In recent years, sliding formwork control is subject to more and more higher attention, the method because of its good characteristic havingInsensitive, simple in structure to parameter variation and disturbance, be applicable to the control of satellite attitude control system. Due toFault in attitude control system and interference effect, very easily there is chattering phenomenon in sliding-mode control, has before thisScholar designs interference observer and offsets the impact of disturbing, and improves the buffeting problem of sliding formwork control, realizes highly reliableProperty and high-precision attitude control, but do not consider fault.

Summary of the invention

Technology of the present invention is dealt with problems and is: for the saturated multi-source EVAC of input, propose one and haveThe sliding-mode control of Fault Compensation and Interference Cancellation and rejection.

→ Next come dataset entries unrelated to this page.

(* Let $r,g,a,h,m$ be positive integers with $a\le r$ and $ga+h<gr$, and put $n=rg$. Suppose that $q\ge r$ is a prime power satisfying $q^m\ge \frac{mn}{r}$ and that there is a $q$-ary $[r,r-a,a+1]$ linear code. If (i) $m\ge r$, or (ii) $m<r$ and there exists a $q$-ary $[r,r-m,\ge h+a+1]$ linear code, then there exists an MR $(n,r,h,a)$-LRC over a field of size $\ell=q^{\min\{hm,\frac{nm}{r}\}}$.
   Context: Definition: let $\ell$ be a prime power, $a,g,r,h$ positive integers with $ga+h<gr$, $n=gr$, $k=n-ga-h$. An MR (maximally recoverable) $(n,r,h,a)_\ell$-LRC is an $[n,k]$ linear code over $\mathbb{F}_\ell$ with a parity-check matrix $H\in\mathbb{F}_\ell^{(n-k)\times n}$ of the block form whose first $ga$ rows are block diagonal with diagonal blocks $A_1,\dots,A_g$ (each of size $a\times r$, the $n$ coordinates being split into $g$ consecutive groups of size $r$) and whose last $h$ rows are $(D_1|\cdots|D_g)$ with each $D_i$ of size $h\times r$, such that (i) each $A_i$ generates an $[r,a,r-a+1]_\ell$ MDS code, and (ii) every set of $ag+h$ columns of $H$ consisting of any $a$ columns from each group together with any $h$ further columns is linearly independent over $\mathbb{F}_\ell$. "An MR $(n,r,h,a)$-LRC over a field of size $\ell$" means an MR $(n,r,h,a)_\ell$-LRC. *)

theory Defs
  imports Complex_Main "HOL-Library.Cardinality" "HOL-Computational_Algebra.Primes"
begin

text \<open>Vectors of length n over a field are functions nat => 'a vanishing outside {..<n}.\<close>

definition vecs :: "nat \<Rightarrow> (nat \<Rightarrow> 'a::field) set" where
  "vecs n = {v. \<forall>i\<ge>n. v i = 0}"

definition hweight :: "nat \<Rightarrow> (nat \<Rightarrow> 'a::field) \<Rightarrow> nat" where
  "hweight n v = card {i. i < n \<and> v i \<noteq> 0}"

definition linear_code :: "nat \<Rightarrow> nat \<Rightarrow> (nat \<Rightarrow> 'a::field) set \<Rightarrow> bool" where
  "linear_code n k C \<longleftrightarrow>
     C \<subseteq> vecs n \<and> (\<lambda>_. 0) \<in> C \<and>
     (\<forall>u\<in>C. \<forall>v\<in>C. (\<lambda>i. u i + v i) \<in> C) \<and>
     (\<forall>c. \<forall>v\<in>C. (\<lambda>i. c * v i) \<in> C) \<and>
     (\<exists>b :: nat \<Rightarrow> nat \<Rightarrow> 'a.
        (\<forall>t<k. b t \<in> C) \<and>
        (\<forall>c. (\<forall>i. (\<Sum>t<k. c t * b t i) = 0) \<longrightarrow> (\<forall>t<k. c t = 0)) \<and>
        (\<forall>v\<in>C. \<exists>c. \<forall>i. v i = (\<Sum>t<k. c t * b t i)))"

By design error failure diagnostic observations device withInterference observer, estimates and offsets, design sliding mode controller is to parameter to the fault in system and interferenceUncertain and disturbance has robustness.

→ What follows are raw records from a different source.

theorem lemma6p2:
  fixes \<beta> :: "nat \<Rightarrow> real" and k :: nat and r :: real
  assumes nonneg: "\<And>j. 2 \<le> j \<Longrightarrow> 0 \<le> \<beta> j"
    and deriv_finite: "summable (\<lambda>j. real j * \<beta> j)"
    and k3: "3 \<le> k"
    and beta_low: "\<And>j. 2 \<le> j \<Longrightarrow> j \<le> k - 1 \<Longrightarrow> \<beta> j = 1 / (real j * (real j - 1))"
    and r: "0 \<le> r" "r < 1"
  shows "\<exists>C::real. \<exists>N0::nat. \<forall>N\<ge>N0. \<forall>t::real. 0 \<le> t \<and> t \<le> r * real N \<longrightarrow>
     \<bar>real N * lambda2_real \<beta> N t
        - ((\<Sum>i=0..k-3. (t / real N) ^ i) + real k * (real k - 1) * \<beta> k * (t / real N) ^ (k - 2))\<bar>
       \<le> C * ((ln (real N))\<^sup>2 / real N + (t / real N) ^ (k - 1))
     \<and> (\<forall>H E. exp_consistent N H E \<longrightarrow>
        \<bar>aN \<beta> N H E t - 1 - (real k * (real k - 1) * \<beta> k - 1) * (t / real N) ^ (k - 2)\<bar>
          \<le> beta2 \<beta> r * (\<bar>Zt N H E t\<bar> + Pt N H t) / real N
             + C * ((ln (real N))\<^sup>2 / real N + (t / real N) ^ (k - 1)))"
  using lambda2_aN_expansion[OF nonneg deriv_finite k3 beta_low r inverse_le_ln_squared_div] .

end
(* Let $r,s,t$ be integers with $1\le r\le s\le t$ and $n=r+s+t+1$. Then the $(2r+1)$-fault diameter of the exchanged 3-ary $n$-cube satisfies $D^{f}_{2r+1}(E3C(r,s,t))\ge r+s+t+4=n+3$.
   Context: The exchanged 3-ary $n$-cube $E3C(r,s,t)$ ($r,s,t\ge1$, $n=r+s+t+1$): vertices are strings $x=x[r+s+t]\cdots x[1]x[0]$ with all $x[i]\in\{0,1,2\}$, written $x=ABCd$ where $A=x[r+s+t]\cdots x[s+t+1]\in\{0,1,2\}^r$, $B=x[s+t]\cdots x[t+1]\in\{0,1,2\}^s$, $C=x[t]\cdots x[1]\in\{0,1,2\}^t$, $d=x[0]$. Two distinct vertices $x=ABCd$, $y=A'B'C'd'$ are adjacent iff one of: (E0) $A=A',B=B',C=C'$ and $d\ne d'$; (E1) $d=d'=0$, $A=A'$, $B=B'$ and $C,C'$ differ in exactly one position; (E2) $d=d'=1$, $A=A'$, $C=C'$ and $B,B'$ differ in exactly one position; (E3) $d=d'=2$, $B=B'$, $C=C'$ and $A,A'$ differ in exactly one position. For a connected graph $G$ and positive integer $\alpha\le\kappa(G)-1$ ($\kappa$ = vertex connectivity), the $\alpha$-fault diameter is $D^f_\alpha(G)=\max\{d_{G-F}(u,v): u\ne v\in V(G),\ F\subseteq V(G)\setminus\{u,v\},\ |F|=\alpha\}$, where $d_{G-F}$ is the shortest-path distance in $G-F$. (It is known that $\kappa(E3C(r,s,t))=2r+2$ when $r\le s\le t$.) *)

theory Defs
  imports Main "HOL-Library.Extended_Nat"
begin

text \<open>Vertices of E3C(r,s,t): ternary strings x[r+s+t] ... x[1] x[0], represented as
  functions nat => nat with x i < 3 for i <= r+s+t and x i = 0 beyond (canonical padding).\<close>

definition e3c_vert :: "nat \<Rightarrow> nat \<Rightarrow> nat \<Rightarrow> (nat \<Rightarrow> nat) set" where
  "e3c_vert r s t = {x. \<forall>i. (i \<le> r+s+t \<longrightarrow> x i < 3) \<and> (r+s+t < i \<longrightarrow> x i = 0)}"

definition differ_one_in :: "nat set \<Rightarrow> (nat \<Rightarrow> nat) \<Rightarrow> (nat \<Rightarrow> nat) \<Rightarrow> bool" where
  "differ_one_in I x y \<longleftrightarrow> card {i\<in>I. x i \<noteq> y i} = 1 \<and> (\<forall>i. i \<notin> I \<longrightarrow> x i = y i)"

Technical solution of the present invention is: a kind of sliding-mode control with anti-interference fault freedom, itsBe characterised in that and comprise the following steps:

First, the fault in taking into account system and multi-source disturb, and set up the kinetic model of system; Secondly,Fault in design error failure diagnostic observations device and interference observer estimating system and can modeling disturbing; Again,Solve the gain matrix of interference observer and fault diagnosis observer; Then, design sliding mode controller, willIn interference and Fault Estimation value substitution controller, compensation is of equal value disturbs and fault; Finally, analyzer-controller is steadyQualitative, input and under saturated prerequisite, solve sliding formwork gain in system; Concrete steps are as follows:

The first step, the fault in taking into account system and multi-source disturb, and set up the kinetic model of system

Build the system dynamics model that comprises fault and interference, as follows:

\{\begin{matrix} \dot{x_{1}} (t) = x_{2} (t) \\ \dot{x_{2}} (t) = x_{3} (t) \\ . \\ . \\ . \\ \dot{x_{n}} (t) = - a_{0} x_{n} (t) - \cdot \cdot \cdot \cdot \cdot \cdot - a_{n - 1} x_{1} (t) + b_{1} (u (t) + d_{1} (t) + F (t)) + b_{2} d_{2} (t) \end{matrix}

Wherein, x₁(t)，x₂(t)，…，x_n(t) be system mode, n >=2 are positive integer, and u (t) is control inputs, F (t)For the time accident of rate of change bounded hinders, d₁(t) be modeling to disturb, d₂(t) being can not modeling random disturbances. a₀、a₁、…a_n-1With b₁、b₂Be internal system parameter. d₁(t) can be by following interference model ∑₁Represent:

Σ_{1} : \{\begin{matrix} d_{1} (t) = Vw (t) \\ \overset{\cdot}{w} (t) = Ww (t) + B_{3} δ (t) \end{matrix}

Wherein, w (t) be can modeling interference model state variable, V be can modeling interference model output matrix,W represents system battle array that can modeling interference model, B₃For gain battle array that can not modeling random disturbances, δ (t) isEnergy bounded can not modeling random disturbances.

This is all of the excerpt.